## Provided data
"""

lemma rsphere_cases_chart: "y \<in> range Fin \<or> y \<in> range inv_chart"
  by (cases y) (auto simp: inv_chart_def intro: range_eqI[of _ _ 0])

lemma compact_UNIV_rsphere: "compact (UNIV :: rsphere set)"
proof -
  have "UNIV = Fin ` cball 0 1 \<union> inv_chart ` cball 0 1"
  proof (intro set_eqI iffI UNIV_I)
    fix y :: rsphere
    show "y \<in> Fin ` cball 0 1 \<union> inv_chart ` cball 0 1"
    proof (cases y)
      case (Fin w)
      show ?thesis
      proof (cases "cmod w \<le> 1")
        case True
        then show ?thesis using Fin by auto
      next
        case False
        then have "inv_chart (1 / w) = y" "1 / w \<in> cball 0 1"
          using Fin by (auto simp: inv_chart_def norm_divide divide_le_eq)
        then show ?thesis by blast
      qed
    next
      case Infty
      then have "y = inv_chart 0" by (simp add: inv_chart_def)
      then show ?thesis by auto
    qed
  qed
  moreover have "compact (Fin ` cball 0 1)" "compact (inv_chart ` cball 0 1)"
    by (intro compact_continuous_image continuous_on_Fin continuous_on_inv_chart compact_cball)+
  ultimately show ?thesis by (metis compact_Un)
qed

definition rat_fun :: "complex poly \<Rightarrow> complex poly \<Rightarrow> complex \<Rightarrow> rsphere" where
  "rat_fun P Q z = (if poly Q z = 0 then Infty else Fin (poly P z / poly Q z))"

definition proportional :: "complex poly \<Rightarrow> complex poly \<Rightarrow> bool" where
  "proportional P Q \<longleftrightarrow> (\<exists>k. P = smult k Q \<or> Q = smult k P)"

lemma proportional_commute: "proportional P Q \<longleftrightarrow> proportional Q P"
  by (auto simp: proportional_def)

lemma poly_eq_if_eq_on_nonzero:
  fixes A B :: "complex poly"
  assumes "\<And>w. w \<noteq> 0 \<Longrightarrow> poly A w = poly B w"
  shows "A = B"
proof -
  have "UNIV - {0} \<subseteq> {w. poly (A - B) w = 0}" using assms by auto
  moreover have "infinite (UNIV - {0 :: complex})" by (simp add: infinite_UNIV_char_0)
  ultimately have "A - B = 0" using poly_roots_finite finite_subset by blast
  then show ?thesis by simp
qed

lemma proportional_if_quotient_constant_on_ball:
  fixes A B :: "complex poly"
  assumes "0 < s" "\<And>z. z \<in> ball c s \<Longrightarrow> poly B z \<noteq> 0"
    and "(\<lambda>z. poly A z / poly B z) constant_on ball c s"
  shows "proportional A B"
proof -
  obtain k where k: "\<And>z. z \<in> ball c s \<Longrightarrow> poly A z / poly B z = k"
    using assms(3) unfolding constant_on_def by blast
  have "ball c s \<subseteq> {z. poly (A - smult k B) z = 0}"
    using k assms(2) by (auto simp: field_simps)
  moreover have "infinite (ball c s)"
    using uncountable_ball[OF assms(1)] countable_finite by blast
  ultimately have "A - smult k B = 0"
    using poly_roots_finite finite_subset by blast
  then show ?thesis by (auto simp: proportional_def)
qed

"""

## Task requirements
Please restate the records word for word. Go from the first line to the line with "(simp add: infinite_UNIV_char_0)" and include both.

## Solution for this task
lemma rsphere_cases_chart: "y \<in> range Fin \<or> y \<in> range inv_chart"
  by (cases y) (auto simp: inv_chart_def intro: range_eqI[of _ _ 0])

lemma compact_UNIV_rsphere: "compact (UNIV :: rsphere set)"
proof -
  have "UNIV = Fin ` cball 0 1 \<union> inv_chart ` cball 0 1"
  proof (intro set_eqI iffI UNIV_I)
    fix y :: rsphere
    show "y \<in> Fin ` cball 0 1 \<union> inv_chart ` cball 0 1"
    proof (cases y)
      case (Fin w)
      show ?thesis
      proof (cases "cmod w \<le> 1")
        case True
        then show ?thesis using Fin by auto
      next
        case False
        then have "inv_chart (1 / w) = y" "1 / w \<in> cball 0 1"
          using Fin by (auto simp: inv_chart_def norm_divide divide_le_eq)
        then show ?thesis by blast
      qed
    next
      case Infty
      then have "y = inv_chart 0" by (simp add: inv_chart_def)
      then show ?thesis by auto
    qed
  qed
  moreover have "compact (Fin ` cball 0 1)" "compact (inv_chart ` cball 0 1)"
    by (intro compact_continuous_image continuous_on_Fin continuous_on_inv_chart compact_cball)+
  ultimately show ?thesis by (metis compact_Un)
qed

definition rat_fun :: "complex poly \<Rightarrow> complex poly \<Rightarrow> complex \<Rightarrow> rsphere" where
  "rat_fun P Q z = (if poly Q z = 0 then Infty else Fin (poly P z / poly Q z))"

definition proportional :: "complex poly \<Rightarrow> complex poly \<Rightarrow> bool" where
  "proportional P Q \<longleftrightarrow> (\<exists>k. P = smult k Q \<or> Q = smult k P)"

lemma proportional_commute: "proportional P Q \<longleftrightarrow> proportional Q P"
  by (auto simp: proportional_def)

lemma poly_eq_if_eq_on_nonzero:
  fixes A B :: "complex poly"
  assumes "\<And>w. w \<noteq> 0 \<Longrightarrow> poly A w = poly B w"
  shows "A = B"
proof -
  have "UNIV - {0} \<subseteq> {w. poly (A - B) w = 0}" using assms by auto
  moreover have "infinite (UNIV - {0 :: complex})" by (simp add: infinite_UNIV_char_0)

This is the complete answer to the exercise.